The reality is that the corporate mechanisms for determining project funding still rely on traditional measures of return on investment. This is not a new challenge for marketing organizations. While the sales department can easily measure its impact through sales and revenue, marketers continue to struggle to show the direct impact of marketing investments to their peers and senior leaders. In addition, there are a number of key challenges compounding our ability to do so:
The Rise of the Digital Customer: The customer relationship has reached new levels of complexity, thanks to the rise of digital technologies. The blurring of digital and physical interactions with customers is skewing more concrete measures such as leads, the marketing pipeline and conversions.
Fragmented Customer Journey: The proliferation of digital touch points has also made it difficult for businesses to control and track the customer path to purchase. At the same time, customers have more options and higher expectations – putting them firmly in control of the relationship.
Big Data: Our turbocharged online, mobile and social world is generating more data from more channels than ever before. However, more data does not equal more knowledge. Marketers still have to separate the wheat from the chaff when it comes to uncovering business insights.
Skills Gap: Many marketing organizations are rich in the skills you would expect – communications, branding and design. However, many marketing organizations are short on expertise and skills to effectively manage the onslaught of digital technology and big data, as well as gain a quantitative perspective on marketing’s impact.
With these challenges in mind, solving the “old” view of ROI doesn’t make sense anymore.

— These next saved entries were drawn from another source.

(* Let $\mathcal U$ be a $k$-universe with $\bigcup\mathcal U\subseteq\Lambda$, $\mu$ a one-wise independent distribution on $\mathbb Z_N^k$, and $M\in\mathcal M_{\mathcal U,m}$ with $m\le|\mathcal U|$. For every $f:\mathrm{Map}(M,\mathbb Z_N^k)\to\mathbb C$ and every $b\in\mathbb Z_N^\Lambda$: if $b=[\mathbf a]$ for some $\mathbf a\in\mathcal X(M)$ then $|\langle\boldsymbol R^{\Lambda,M}_\mu[f],\chi_b\rangle|\le|\widehat f(\mathbf a)|$; and if $b\neq[\mathbf a]$ for all $\mathbf a\in\mathcal X(M)$ then $\langle\boldsymbol R^{\Lambda,M}_\mu[f],\chi_b\rangle=0$.
   Context: $N\ge2$, $\mathbb Z_N=\mathbb Z/N\mathbb Z$. A $k$-universe $\mathcal U=(U_1,\dots,U_k)$ is a tuple of finite sets of common size $|\mathcal U|$; $\mathcal M_{\mathcal U,m}$ is the set of $m$-element sets of pairwise vertex-disjoint tuples in $U_1\times\dots\times U_k$. $\mu$ one-wise independent means each coordinate marginal of $\mu$ is uniform; $\mu(\cdot)$ is its pmf. For $e=(v_1,\dots,v_k)$, $x_{|e}=(x_{v_1},\dots,x_{v_k})$. $\boldsymbol R^{\Lambda,M}_\mu[f](x)=\sum_{\xi:M\to\mathbb Z_N^k}\big(\prod_{e\in M}\mu(x_{|e}-\xi(e))\big)f(\xi)$. Inner products are $\langle g,h\rangle=\mathbb E_x[g(x)\overline{h(x)}]$ with $x$ uniform; $\chi_b(x)=\exp(\frac{2\pi\mathrm i}{N}\sum_{v\in\Lambda}b_vx_v)$. For $\mathbf a:M\to\mathbb Z_N^k$, $\psi_{\mathbf a}(\xi)=\prod_{e\in M}\chi_{\mathbf a(e)}(\xi(e))$ (with $\chi_t(w)=\exp(\frac{2\pi\mathrm i}{N}\sum_i t_iw_i)$ on $\mathbb Z_N^k$) and $\widehat f(\mathbf a)=\langle f,\psi_{\mathbf a}\rangle$ (expectation over uniform $\xi$). $\mathcal X(M)$ is the set of $\mathbf a:M\to\mathbb Z_N^k$ such that $\mathbf a(e)$ does not have exactly one nonzero coordinate, for every $e\in M$. For $\mathbf a:M\to\mathbb Z_N^k$, $[\mathbf a]\in\mathbb Z_N^\Lambda$ is defined by $[\mathbf a]_{v_i}=\mathbf a(e)_i$ for every $e=(v_1,\dots,v_k)\in M$ and $i\in[k]$, and $[\mathbf a]_v=0$ for vertices $v$ not covered by $M$. *)

theory Defs
  imports Complex_Main "HOL-Library.FuncSet"
begin

(* Z_N is represented by the naturals below N; Z_N^I by extensional functions I <rightarrow><^sub>E {..<N}.
  A k-tuple is an extensional function {..<k} <rightarrow> vertices. *)

definition ZN_pow :: "nat \<Rightarrow> 'i set \<Rightarrow> ('i \<Rightarrow> nat) set" where
  "ZN_pow N I = I \<rightarrow>\<^sub>E {..<N}"

definition vsub :: "nat \<Rightarrow> nat \<Rightarrow> (nat \<Rightarrow> nat) \<Rightarrow> (nat \<Rightarrow> nat) \<Rightarrow> (nat \<Rightarrow> nat)" where
  "vsub N k w z = (\<lambda>i\<in>{..<k}. (w i + N - z i) mod N)"

definition k_universe :: "nat \<Rightarrow> (nat \<Rightarrow> 'v set) \<Rightarrow> nat \<Rightarrow> bool" where
  "k_universe k U n \<longleftrightarrow> (\<forall>i<k. finite (U i) \<and> card (U i) = n)"

definition matchings :: "nat \<Rightarrow> (nat \<Rightarrow> 'v set) \<Rightarrow> nat \<Rightarrow> (nat \<Rightarrow> 'v) set set" where
  "matchings k U m = {M. M \<subseteq> Pi\<^sub>E {..<k} U \<and> finite M \<and> card M = m \<and>
      (\<forall>e\<in>M. inj_on e {..<k}) \<and>
      (\<forall>e\<in>M. \<forall>e'\<in>M. e \<noteq> e' \<longrightarrow> e ` {..<k} \<inter> e' ` {..<k} = {})}"

definition pmf_on :: "nat \<Rightarrow> nat \<Rightarrow> ((nat \<Rightarrow> nat) \<Rightarrow> real) \<Rightarrow> bool" where
  "pmf_on N k \<mu> \<longleftrightarrow> (\<forall>w\<in>ZN_pow N {..<k}. \<mu> w \<ge> 0) \<and> (\<Sum>w\<in>ZN_pow N {..<k}. \<mu> w) = 1"

definition one_wise_independent :: "nat \<Rightarrow> nat \<Rightarrow> ((nat \<Rightarrow> nat) \<Rightarrow> real) \<Rightarrow> bool" where
  "one_wise_independent N k \<mu> \<longleftrightarrow>
     (\<forall>i<k. \<forall>t<N. (\<Sum>w\<in>{w\<in>ZN_pow N {..<k}. w i = t}. \<mu> w) = 1 / real N)"

definition chr :: "nat \<Rightarrow> 'i set \<Rightarrow> ('i \<Rightarrow> nat) \<Rightarrow> ('i \<Rightarrow> nat) \<Rightarrow> complex" where
  "chr N I t w = exp (2 * of_real pi * \<i> * of_nat (\<Sum>j\<in>I. t j * w j) / of_nat N)"

definition inner_exp :: "'a set \<Rightarrow> ('a \<Rightarrow> complex) \<Rightarrow> ('a \<Rightarrow> complex) \<Rightarrow> complex" where
  "inner_exp A g h = (\<Sum>x\<in>A. g x * cnj (h x)) / of_nat (card A)"

definition maps :: "nat \<Rightarrow> nat \<Rightarrow> (nat \<Rightarrow> 'v) set \<Rightarrow> ((nat \<Rightarrow> 'v) \<Rightarrow> (nat \<Rightarrow> nat)) set" where
  "maps N k M = Pi\<^sub>E M (\<lambda>_. ZN_pow N {..<k})"

definition restr_tuple :: "nat \<Rightarrow> ('v \<Rightarrow> nat) \<Rightarrow> (nat \<Rightarrow> 'v) \<Rightarrow> (nat \<Rightarrow> nat)" where
  "restr_tuple k x e = (\<lambda>i\<in>{..<k}. x (e i))"

definition Rop :: "nat \<Rightarrow> nat \<Rightarrow> ((nat \<Rightarrow> nat) \<Rightarrow> real) \<Rightarrow> (nat \<Rightarrow> 'v) set
     \<Rightarrow> (((nat \<Rightarrow> 'v) \<Rightarrow> (nat \<Rightarrow> nat)) \<Rightarrow> complex) \<Rightarrow> ('v \<Rightarrow> nat) \<Rightarrow> complex" where
  "Rop N k \<mu> M f x = (\<Sum>\<xi>\<in>maps N k M.
      of_real (\<Prod>e\<in>M. \<mu> (vsub N k (restr_tuple k x e) (\<xi> e))) * f \<xi>)"

definition psi :: "nat \<Rightarrow> nat \<Rightarrow> (nat \<Rightarrow> 'v) set \<Rightarrow> ((nat \<Rightarrow> 'v) \<Rightarrow> (nat \<Rightarrow> nat))
     \<Rightarrow> ((nat \<Rightarrow> 'v) \<Rightarrow> (nat \<Rightarrow> nat)) \<Rightarrow> complex" where
  "psi N k M a \<xi> = (\<Prod>e\<in>M. chr N {..<k} (a e) (\<xi> e))"

definition fourier :: "nat \<Rightarrow> nat \<Rightarrow> (nat \<Rightarrow> 'v) set
     \<Rightarrow> (((nat \<Rightarrow> 'v) \<Rightarrow> (nat \<Rightarrow> nat)) \<Rightarrow> complex) \<Rightarrow> ((nat \<Rightarrow> 'v) \<Rightarrow> (nat \<Rightarrow> nat)) \<Rightarrow> complex" where
  "fourier N k M f a = inner_exp (maps N k M) f (psi N k M a)"

definition Xset :: "nat \<Rightarrow> nat \<Rightarrow> (nat \<Rightarrow> 'v) set \<Rightarrow> ((nat \<Rightarrow> 'v) \<Rightarrow> (nat \<Rightarrow> nat)) set" where
  "Xset N k M = {a\<in>maps N k M. \<forall>e\<in>M. card {i\<in>{..<k}. a e i \<noteq> 0} \<noteq> 1}"

definition bracket :: "nat \<Rightarrow> 'v set \<Rightarrow> (nat \<Rightarrow> 'v) set \<Rightarrow> ((nat \<Rightarrow> 'v) \<Rightarrow> (nat \<Rightarrow> nat)) \<Rightarrow> ('v \<Rightarrow> nat)" where
  "bracket k \<Lambda> M a = (\<lambda>v\<in>\<Lambda>. if \<exists>e\<in>M. \<exists>i<k. e i = v
       then (THE c. \<exists>e\<in>M. \<exists>i<k. e i = v \<and> a e i = c) else 0)"

end

theory Submission
  imports Defs
begin

(* Unfold the inner product and swap the two sums.  For fixed xi the sum over x in Z_N^Lambda
   factorizes along the coordinates x |-> ((x restricted to e)_{e in M}, x restricted to W), where W is
   the set of vertices not covered by M: each edge contributes a translated Fourier sum of mu, equal to
   conj chi_{b|e}(xi e) * muhat(b|e), and each uncovered vertex v a character sum, equal to N [b v = 0].
   Hence <R f, chi_b> = [b vanishes on W] * prod_e muhat(b|e) * fhat(beta) with beta e = b|e.
   If b = [a] for some a in X(M), then beta = a and |muhat| <= 1.  Otherwise either b does not vanish
   on W, or beta is not in X(M), so some b|e has exactly one nonzero coordinate and one-wise
   independence forces muhat(b|e) = 0. *)

definition unity_root :: "nat \<Rightarrow> nat \<Rightarrow> complex" where
  "unity_root N n = cis (2 * pi * real n / real N)"

lemma unity_root_add: "unity_root N (a + b) = unity_root N a * unity_root N b"
  unfolding unity_root_def by (simp add: cis_mult add_divide_distrib distrib_left)

lemma unity_root_0 [simp]: "unity_root N 0 = 1"
  by (simp add: unity_root_def)

lemma unity_root_sum: "unity_root N (\<Sum>i\<in>I. h i) = (\<Prod>i\<in>I. unity_root N (h i))"
  by (induction I rule: infinite_finite_induct) (simp_all add: unity_root_add)

lemma unity_root_mult: "unity_root N (c * t) = unity_root N c ^ t"
  unfolding unity_root_def by (simp add: DeMoivre mult_ac)

lemma norm_unity_root [simp]: "norm (unity_root N n) = 1"
  by (simp add: unity_root_def)

lemma unity_root_multiple: "unity_root N (N * q) = 1"
proof (cases "N = 0")
  case False
  then have "unity_root N N = 1" by (simp add: unity_root_def)
  then show ?thesis by (simp add: unity_root_mult)
qed (simp add: unity_root_def)

lemma unity_root_mod: "unity_root N (a mod N) = unity_root N a"
  by (metis div_mult_mod_eq mult.commute mult_1 unity_root_add unity_root_multiple)

lemma unity_root_neq_1:
  assumes "0 < c" "c < N"
  shows "unity_root N c \<noteq> 1"
proof
  assume "unity_root N c = 1"
  then obtain j :: int where "2 * pi * real c / real N = 2 * pi * of_int j"
    by (auto simp: unity_root_def complex_eq_iff cos_one_2pi_int)
  then have "int c = int N * j"
    using assms by (simp add: field_simps) (metis of_int_eq_iff of_int_mult of_int_of_nat_eq)
  with assms show False
    by (smt (verit, best) linorder_not_less mult_le_cancel_left1 mult_nonneg_nonpos
        nat_int_comparison(3) of_nat_0_le_iff)
qed

lemma sum_unity_root_mult:
  assumes "c < N"
  shows "(\<Sum>t<N. unity_root N (c * t)) = (if c = 0 then of_nat N else 0)"
proof (cases "c = 0")
  case False
  have "unity_root N c ^ N = 1"
    by (metis mult.commute unity_root_mult unity_root_multiple)
  then have "(\<Sum>t<N. unity_root N c ^ t) = 0"
    using unity_root_neq_1[of c N] assms False by (subst geometric_sum) auto
  then show ?thesis using False by (simp add: unity_root_mult)
qed (simp add: unity_root_def)

lemma chr_eq_prod_unity_root: "chr N I t w = (\<Prod>j\<in>I. unity_root N (t j * w j))"
proof -
  have "chr N I t w = unity_root N (\<Sum>j\<in>I. t j * w j)"
    unfolding chr_def unity_root_def cis_conv_exp
    by (rule arg_cong[where f = exp]) (simp add: field_simps)
  then show ?thesis by (simp add: unity_root_sum)
qed

lemma norm_chr [simp]: "norm (chr N I t w) = 1"
  by (simp add: chr_eq_prod_unity_root prod_norm[symmetric])

lemma finite_ZN_pow [simp]: "finite I \<Longrightarrow> finite (ZN_pow N I)"
  unfolding ZN_pow_def by (rule finite_PiE) auto

lemma card_ZN_pow: "finite I \<Longrightarrow> card (ZN_pow N I) = N ^ card I"
  unfolding ZN_pow_def by (simp add: card_funcsetE)

lemma vsub_in_ZN_pow: "N > 0 \<Longrightarrow> vsub N k w z \<in> ZN_pow N {..<k}"
  by (auto simp: vsub_def ZN_pow_def)

lemma mod_sub_add_cancel:
  fixes w N z :: nat
  assumes "w < N" "z \<le> N"
  shows "((w + N - z) mod N + z) mod N = w"
proof -
  have "((w + N - z) mod N + z) mod N = (w + N - z + z) mod N"
    by (rule mod_add_left_eq)
  also have "w + N - z + z = w + N"
    using assms(2) by simp
  finally show ?thesis
    using assms(1) by simp
qed

lemma bij_betw_vsub:
  assumes "N > 0" and z: "z \<in> ZN_pow N {..<k}"
  shows "bij_betw (\<lambda>w. vsub N k w z) (ZN_pow N {..<k}) (ZN_pow N {..<k})"
proof -
  have "inj_on (\<lambda>w. vsub N k w z) (ZN_pow N {..<k})"
  proof (rule inj_onI)
    fix w w' assume w: "w \<in> ZN_pow N {..<k}" and w': "w' \<in> ZN_pow N {..<k}"
      and eq: "vsub N k w z = vsub N k w' z"
    show "w = w'"
    proof (rule PiE_ext[OF w[unfolded ZN_pow_def] w'[unfolded ZN_pow_def]])
      fix i assume i: "i \<in> {..<k}"
      then have "w i < N" "w' i < N" "z i < N"
        using w w' z by (auto simp: ZN_pow_def)
      moreover have "(w i + N - z i) mod N = (w' i + N - z i) mod N"
        using fun_cong[OF eq, of i] i by (simp add: vsub_def)
      ultimately show "w i = w' i"
        by (metis mod_sub_add_cancel less_imp_le)
    qed
  qed
  moreover have "(\<lambda>w. vsub N k w z) ` ZN_pow N {..<k} \<subseteq> ZN_pow N {..<k}"
    using vsub_in_ZN_pow[OF \<open>N > 0\<close>] by blast
  ultimately show ?thesis
    by (metis bij_betw_def endo_inj_surj finite_ZN_pow finite_lessThan)
qed

lemma chr_vsub:
  assumes "z \<in> ZN_pow N {..<k}"
  shows "chr N {..<k} t w = chr N {..<k} t (vsub N k w z) * chr N {..<k} t z"
proof -
  have "unity_root N (t j * w j) = unity_root N (t j * vsub N k w z j) * unity_root N (t j * z j)"
    if "j < k" for j
  proof -
    have "z j < N" using assms that by (auto simp: ZN_pow_def)
    then have "unity_root N (vsub N k w z j) * unity_root N (z j) = unity_root N (w j + N * 1)"
      using that by (simp add: vsub_def unity_root_mod flip: unity_root_add)
    also have "\<dots> = unity_root N (w j)"
      by (simp only: unity_root_add unity_root_multiple) simp
    finally show ?thesis
      by (simp add: mult.commute[of "t j"] unity_root_mult flip: power_mult_distrib)
  qed
  then show ?thesis
    unfolding chr_eq_prod_unity_root prod.distrib[symmetric] by (intro prod.cong) auto
qed

definition pmf_fourier ::
    "nat \<Rightarrow> nat \<Rightarrow> ((nat \<Rightarrow> nat) \<Rightarrow> real) \<Rightarrow> (nat \<Rightarrow> nat) \<Rightarrow> complex" where
  "pmf_fourier N k \<mu> t = (\<Sum>u\<in>ZN_pow N {..<k}. of_real (\<mu> u) * cnj (chr N {..<k} t u))"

The good news is that marketers now have the data and the analytical tools to make better decisions, drive real growth and prove their worth. For instance, working with Aberdeen Group, Avanade has developed what it calls an “experience equity” calculator that shows the value of digital customer experience efforts. “Experience equity” is the value that is unlocked when organizations add up sales, marketing, customer service and technology, and approach customer experience with a consistent digital mind-set. This customer impact metric assesses the platforms, strategies, business processes and technologies the business has chosen to adopt, as well as overall performance.
This type of approach can bring enormous returns. McKinsey believes that the thoughtful use of analytical tools to improve marketing return on investment – what they call “smart analytics” – can boost return on spend by 10 to 20 percent. That’s up to $200 billion worldwide that can be reinvested in the company or go to the bottom line.

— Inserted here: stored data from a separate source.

lemma lipschitz_on_circle_path:
  assumes "0 \<le> \<rho>"
  shows "\<rho>-lipschitz_on S (circle_path \<rho>)"
proof (rule lipschitz_onI)
  fix s t
  have "2 * \<rho> * \<bar>sin ((s - t) / 2)\<bar> \<le> 2 * \<rho> * \<bar>(s - t) / 2\<bar>"
    using assms by (intro mult_left_mono abs_sin_x_le_abs_x) auto
  with assms show "dist (circle_path \<rho> s) (circle_path \<rho> t) \<le> \<rho> * dist s t"
    by (simp add: dist_circle_path dist_real_def)
qed (rule assms)

lemma sphere_subset_circle_path_image:
  assumes "0 < \<rho>"
  shows "sphere (0 :: real^2) \<rho> \<subseteq> circle_path \<rho> ` {0..2*pi}"
proof
  fix x :: "real^2" assume "x \<in> sphere 0 \<rho>"
  then have "sqrt ((x$1)\<^sup>2 + (x$2)\<^sup>2) = \<rho>" by (simp add: norm_vec2)
  then have "(x$1)\<^sup>2 + (x$2)\<^sup>2 = \<rho>\<^sup>2"
    by (metis real_sqrt_pow2 add_nonneg_nonneg zero_le_power2)
  then have "(x$1 / \<rho>)\<^sup>2 + (x$2 / \<rho>)\<^sup>2 = 1"
    using assms by (simp add: power_divide flip: add_divide_distrib)
  then obtain t where t: "0 \<le> t" "t < 2*pi" "x$1 / \<rho> = cos t" "x$2 / \<rho> = sin t"
    by (rule sincos_total_2pi)
  then have "x = circle_path \<rho> t"
    using assms unfolding circle_path_def vec_eq_iff forall_2 by (auto simp: field_simps)
  with t show "x \<in> circle_path \<rho> ` {0..2*pi}" by auto
qed

lemma convex_frontier_supporting_hyperplane:
  fixes T :: "'a::euclidean_space set"
  assumes "convex T" "y \<in> T" "y \<in> frontier T"
  obtains a where "a \<noteq> 0" "\<And>z. z \<in> T \<Longrightarrow> a \<bullet> z \<le> a \<bullet> y"
proof (cases "interior T = {}")
  case True
  then obtain a b where "a \<noteq> 0" and T: "T \<subseteq> {x. a \<bullet> x = b}"
    using empty_interior_subset_hyperplane[OF assms(1)] by metis
  moreover have "a \<bullet> z = a \<bullet> y" if "z \<in> T" for z
    using subsetD[OF T that] subsetD[OF T assms(2)] by simp
  ultimately show ?thesis using that by force
next
  case False
  then have "y \<notin> rel_interior T"
    using assms(3) by (simp add: rel_interior_nonempty_interior frontier_def)
  then obtain a where "a \<noteq> 0" "\<And>z. z \<in> T \<Longrightarrow> a \<bullet> y \<le> a \<bullet> z"
    using supporting_hyperplane_rel_boundary[OF assms(1,2)] by metis
  then show ?thesis using that[of "- a"] by auto
qed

To make this kind of smart analytics approach a reality, here are a few things to consider:
Invest in your marketing digital infrastructure. Data is only as good as the organization’s ability to leverage it to gain insights. Marketers need to invest in intuitive, dynamic tools to facilitate insights and action. This includes leveraging resources like data lakes – a large repository that holds data in its native format until it is needed – to aggregate and manipulate marketing data. It also means leveraging visualization tools (including mobile ones) to help marketers better make sense of data. And, this means creating automated reporting and employee portals to enable better access to data to inform decision making.
Rethink and invest in the marketing skills needed. Marketing organizations need to find the right mix of data skills and talent within their workforce. This may mean recruiting different types of marketers (what many refer to as “marketing technologists”) as well as teaching existing marketers new skills. It may also mean borrowing someone from the analytics or IT team who has an understanding of marketing to help jump-start a data-driven approach – because the best tools on the market can’t make a difference for organizations that don’t have the right talent in place to make sense of the data. Marketing staff with quantitative and technology skills are needed to deliver on the data insight need to guide and course correct marketing investments.

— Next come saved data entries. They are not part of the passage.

lemma well_ordered_limit_closure:
  assumes a: "well_ordered_set a"
  shows "well_ordered_set (limit_closure a)"
  unfolding well_ordered_set_def
proof (intro allI impI)
  fix B assume B: "B \<subseteq> limit_closure a" "B \<noteq> {}"
  define C where "C = {w\<in>a. \<exists>b\<in>B. b \<le> w}"
  show "\<exists>m\<in>B. \<forall>y\<in>B. m \<le> y"
  proof (cases "C = {}")
    case True
    obtain b where "b \<in> B" using B by blast
    with True show ?thesis using limit_closure_least[OF B(1)] unfolding C_def by blast
  next
    case False
    obtain c where c: "c \<in> C" "\<forall>y\<in>C. c \<le> y"
      using well_ordered_setD[OF a, of C] False unfolding C_def by blast
    show ?thesis
    proof (cases "\<exists>b\<in>B. b < c")
      case True
      then obtain b where "b \<in> B" "b < c" by blast
      moreover have "b < w" if "w \<in> a" "b' \<in> B" "b' \<le> w" for w b'
        using c(2) that \<open>b < c\<close> unfolding C_def by (blast intro: order_less_le_trans)
      ultimately show ?thesis using limit_closure_least[OF B(1)] by blast
    next
      case False
      obtain b where "b \<in> B" "b \<le> c" using c unfolding C_def by blast
      moreover have "\<forall>y\<in>B. b \<le> y" using False \<open>b \<le> c\<close> by (meson not_less order_trans)
      ultimately show ?thesis by blast
    qed
  qed
qed

text \<open>For \<open>y \<notin> F\<close> this is the gap of \<open>F\<close> containing \<open>y\<close>; for \<open>y \<in> F\<close> it is \<open>{y}\<close>.\<close>

definition cut_class :: "'a::linorder set \<Rightarrow> 'a \<Rightarrow> 'a set" where
  "cut_class F y = {u. \<forall>w\<in>F. (w < u \<longleftrightarrow> w < y) \<and> (u < w \<longleftrightarrow> y < w)}"

lemma cut_class_self: "y \<in> cut_class F y"
  unfolding cut_class_def by blast

lemma cut_class_sym: "u \<in> cut_class F y \<longleftrightarrow> y \<in> cut_class F u"
  unfolding cut_class_def by blast

lemma cut_class_eq: "u \<in> cut_class F y \<Longrightarrow> cut_class F u = cut_class F y"
  unfolding cut_class_def by auto

lemma cut_class_disjoint:
  assumes "y \<notin> F"
  shows "cut_class F y \<inter> F = {}"
proof -
  have "u = y" if "u \<in> cut_class F y" "u \<in> F" for u
  proof -
    from that have "\<not> u < y" "\<not> y < u" unfolding cut_class_def by auto
    then show "u = y" by simp
  qed
  with assms show ?thesis by blast
qed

Open the lines of communication to the IT department. Avanade’s own research shows that 37 percent of technology spending is now controlled by departments other than IT – and one of those departments is marketing. The worlds of technology and marketing are continually coming closer together, and changing the role of IT and marketing leaders. As CMOs manage their brand, they also have to coordinate multiple interactions with today’s “always on” customer. At the same time, CIOs must manage technology that is capable of customer-centric innovation. CMOs and CIOs must work ever close together to harness the combined power of marketing and IT to deliver better digitally-enabled experiences for their customers and other key audiences.
There’s no question about it, digital technology has changed the marketing game forever. Smart analytics can help digital enterprises leverage every asset, resource and opportunity to accelerate growth, drive new levels of productivity, remain flexible in a constantly changing business climate and better serve their customers. Let’s embrace this new “golden age” of marketing to finally answer the age-old question: what am I getting from my marketing spend?